• Records for the task:
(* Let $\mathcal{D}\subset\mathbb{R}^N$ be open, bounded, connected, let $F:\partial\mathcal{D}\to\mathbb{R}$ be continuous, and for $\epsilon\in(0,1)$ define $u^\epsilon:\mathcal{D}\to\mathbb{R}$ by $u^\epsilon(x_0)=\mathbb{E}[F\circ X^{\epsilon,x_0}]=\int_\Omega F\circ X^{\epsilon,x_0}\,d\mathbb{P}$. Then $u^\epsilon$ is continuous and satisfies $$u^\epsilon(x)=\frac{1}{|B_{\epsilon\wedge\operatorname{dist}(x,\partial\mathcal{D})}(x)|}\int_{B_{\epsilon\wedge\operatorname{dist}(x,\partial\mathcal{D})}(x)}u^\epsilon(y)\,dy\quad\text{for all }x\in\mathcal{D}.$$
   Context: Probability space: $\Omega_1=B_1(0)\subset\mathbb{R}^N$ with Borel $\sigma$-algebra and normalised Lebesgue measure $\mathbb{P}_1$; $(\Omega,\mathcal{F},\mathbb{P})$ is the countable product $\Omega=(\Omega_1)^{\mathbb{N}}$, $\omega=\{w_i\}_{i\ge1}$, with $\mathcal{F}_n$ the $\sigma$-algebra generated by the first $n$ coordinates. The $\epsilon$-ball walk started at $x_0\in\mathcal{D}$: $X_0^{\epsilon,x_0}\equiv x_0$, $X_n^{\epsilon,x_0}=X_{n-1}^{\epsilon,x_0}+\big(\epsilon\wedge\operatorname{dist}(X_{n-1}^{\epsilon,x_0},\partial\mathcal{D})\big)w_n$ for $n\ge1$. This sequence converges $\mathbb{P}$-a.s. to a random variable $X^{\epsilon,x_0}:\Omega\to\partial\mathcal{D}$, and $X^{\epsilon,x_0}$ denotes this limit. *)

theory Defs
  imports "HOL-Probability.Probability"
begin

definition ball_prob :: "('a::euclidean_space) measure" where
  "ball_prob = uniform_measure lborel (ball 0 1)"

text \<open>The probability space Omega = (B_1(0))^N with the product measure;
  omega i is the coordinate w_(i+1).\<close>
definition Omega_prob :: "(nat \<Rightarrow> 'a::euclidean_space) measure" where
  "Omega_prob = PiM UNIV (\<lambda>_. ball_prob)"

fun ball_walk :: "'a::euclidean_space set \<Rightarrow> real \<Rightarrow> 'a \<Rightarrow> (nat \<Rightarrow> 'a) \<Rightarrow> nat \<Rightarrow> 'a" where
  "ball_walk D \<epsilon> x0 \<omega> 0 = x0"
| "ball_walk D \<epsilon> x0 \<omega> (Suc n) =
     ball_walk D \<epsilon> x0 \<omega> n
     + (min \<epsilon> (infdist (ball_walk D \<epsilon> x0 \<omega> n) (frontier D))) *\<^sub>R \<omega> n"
* * *
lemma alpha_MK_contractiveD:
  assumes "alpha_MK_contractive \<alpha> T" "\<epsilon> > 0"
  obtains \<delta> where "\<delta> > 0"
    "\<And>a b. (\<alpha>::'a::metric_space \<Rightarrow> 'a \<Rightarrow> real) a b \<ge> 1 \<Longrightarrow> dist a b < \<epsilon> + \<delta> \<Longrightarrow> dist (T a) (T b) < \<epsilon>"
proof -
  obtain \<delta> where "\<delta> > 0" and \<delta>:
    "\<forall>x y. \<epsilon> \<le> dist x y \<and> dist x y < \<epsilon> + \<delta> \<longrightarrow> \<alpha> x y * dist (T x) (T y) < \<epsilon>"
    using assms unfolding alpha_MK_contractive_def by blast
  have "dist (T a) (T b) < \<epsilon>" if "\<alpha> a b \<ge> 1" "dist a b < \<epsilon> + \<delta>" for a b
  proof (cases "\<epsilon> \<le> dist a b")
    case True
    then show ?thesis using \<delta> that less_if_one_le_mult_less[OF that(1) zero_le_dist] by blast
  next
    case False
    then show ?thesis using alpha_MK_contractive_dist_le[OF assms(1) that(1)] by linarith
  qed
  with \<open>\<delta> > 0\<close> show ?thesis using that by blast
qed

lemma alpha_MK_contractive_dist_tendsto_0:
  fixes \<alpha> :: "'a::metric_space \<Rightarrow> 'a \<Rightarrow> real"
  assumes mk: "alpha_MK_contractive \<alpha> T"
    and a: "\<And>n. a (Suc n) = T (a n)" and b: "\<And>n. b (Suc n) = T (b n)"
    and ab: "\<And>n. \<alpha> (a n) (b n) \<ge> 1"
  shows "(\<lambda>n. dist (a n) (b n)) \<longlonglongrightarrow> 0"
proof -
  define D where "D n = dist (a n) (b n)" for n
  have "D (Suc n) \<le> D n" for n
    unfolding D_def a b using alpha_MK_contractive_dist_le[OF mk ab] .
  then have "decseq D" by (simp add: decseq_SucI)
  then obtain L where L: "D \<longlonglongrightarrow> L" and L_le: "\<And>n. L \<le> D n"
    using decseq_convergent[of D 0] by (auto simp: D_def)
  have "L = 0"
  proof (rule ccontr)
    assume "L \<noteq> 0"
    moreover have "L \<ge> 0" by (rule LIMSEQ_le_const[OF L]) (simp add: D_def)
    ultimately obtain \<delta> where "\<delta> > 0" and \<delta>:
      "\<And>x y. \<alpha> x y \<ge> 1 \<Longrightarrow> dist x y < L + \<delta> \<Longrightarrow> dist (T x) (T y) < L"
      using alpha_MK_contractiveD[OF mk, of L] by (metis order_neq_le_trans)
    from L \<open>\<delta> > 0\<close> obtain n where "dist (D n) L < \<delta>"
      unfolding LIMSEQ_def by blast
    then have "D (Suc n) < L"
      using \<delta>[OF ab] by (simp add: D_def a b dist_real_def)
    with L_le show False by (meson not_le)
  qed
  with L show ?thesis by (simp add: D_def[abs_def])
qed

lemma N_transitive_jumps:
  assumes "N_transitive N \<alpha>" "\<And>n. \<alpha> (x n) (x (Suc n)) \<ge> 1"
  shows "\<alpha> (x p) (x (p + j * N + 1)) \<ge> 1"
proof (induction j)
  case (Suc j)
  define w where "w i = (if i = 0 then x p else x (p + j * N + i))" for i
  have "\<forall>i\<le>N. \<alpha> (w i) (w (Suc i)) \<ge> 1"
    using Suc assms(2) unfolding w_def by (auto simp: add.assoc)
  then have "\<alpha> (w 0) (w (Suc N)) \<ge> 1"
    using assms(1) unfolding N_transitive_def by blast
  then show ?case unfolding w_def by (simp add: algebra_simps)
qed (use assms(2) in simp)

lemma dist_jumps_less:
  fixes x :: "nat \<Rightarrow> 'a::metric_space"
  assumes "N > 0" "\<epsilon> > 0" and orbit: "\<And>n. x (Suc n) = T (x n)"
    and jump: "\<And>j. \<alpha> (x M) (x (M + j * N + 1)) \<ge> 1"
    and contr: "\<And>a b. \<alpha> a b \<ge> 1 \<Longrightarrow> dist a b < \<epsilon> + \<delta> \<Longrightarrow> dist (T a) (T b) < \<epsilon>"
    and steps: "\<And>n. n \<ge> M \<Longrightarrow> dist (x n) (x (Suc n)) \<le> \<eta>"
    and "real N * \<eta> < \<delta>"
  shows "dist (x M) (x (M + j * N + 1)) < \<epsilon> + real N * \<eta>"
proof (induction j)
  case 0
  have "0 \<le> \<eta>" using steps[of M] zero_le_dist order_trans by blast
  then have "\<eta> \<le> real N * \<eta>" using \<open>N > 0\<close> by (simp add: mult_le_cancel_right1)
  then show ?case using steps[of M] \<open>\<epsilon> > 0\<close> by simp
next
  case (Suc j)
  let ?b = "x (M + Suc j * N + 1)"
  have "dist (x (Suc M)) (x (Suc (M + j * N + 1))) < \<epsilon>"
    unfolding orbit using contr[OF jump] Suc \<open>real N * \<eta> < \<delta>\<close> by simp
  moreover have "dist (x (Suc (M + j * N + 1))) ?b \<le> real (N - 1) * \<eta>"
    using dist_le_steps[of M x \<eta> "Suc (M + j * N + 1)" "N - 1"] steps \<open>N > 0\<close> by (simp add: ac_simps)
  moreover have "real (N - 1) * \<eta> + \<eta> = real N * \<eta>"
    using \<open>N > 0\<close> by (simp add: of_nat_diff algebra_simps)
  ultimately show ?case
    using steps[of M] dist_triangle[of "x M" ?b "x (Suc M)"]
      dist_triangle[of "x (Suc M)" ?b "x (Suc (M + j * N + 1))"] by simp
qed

• Exercise: What lines of the data include the word "fixes"? Copy each of them.

• Task response:
  fixes \<alpha> :: "'a::metric_space \<Rightarrow> 'a \<Rightarrow> real"
  fixes x :: "nat \<Rightarrow> 'a::metric_space"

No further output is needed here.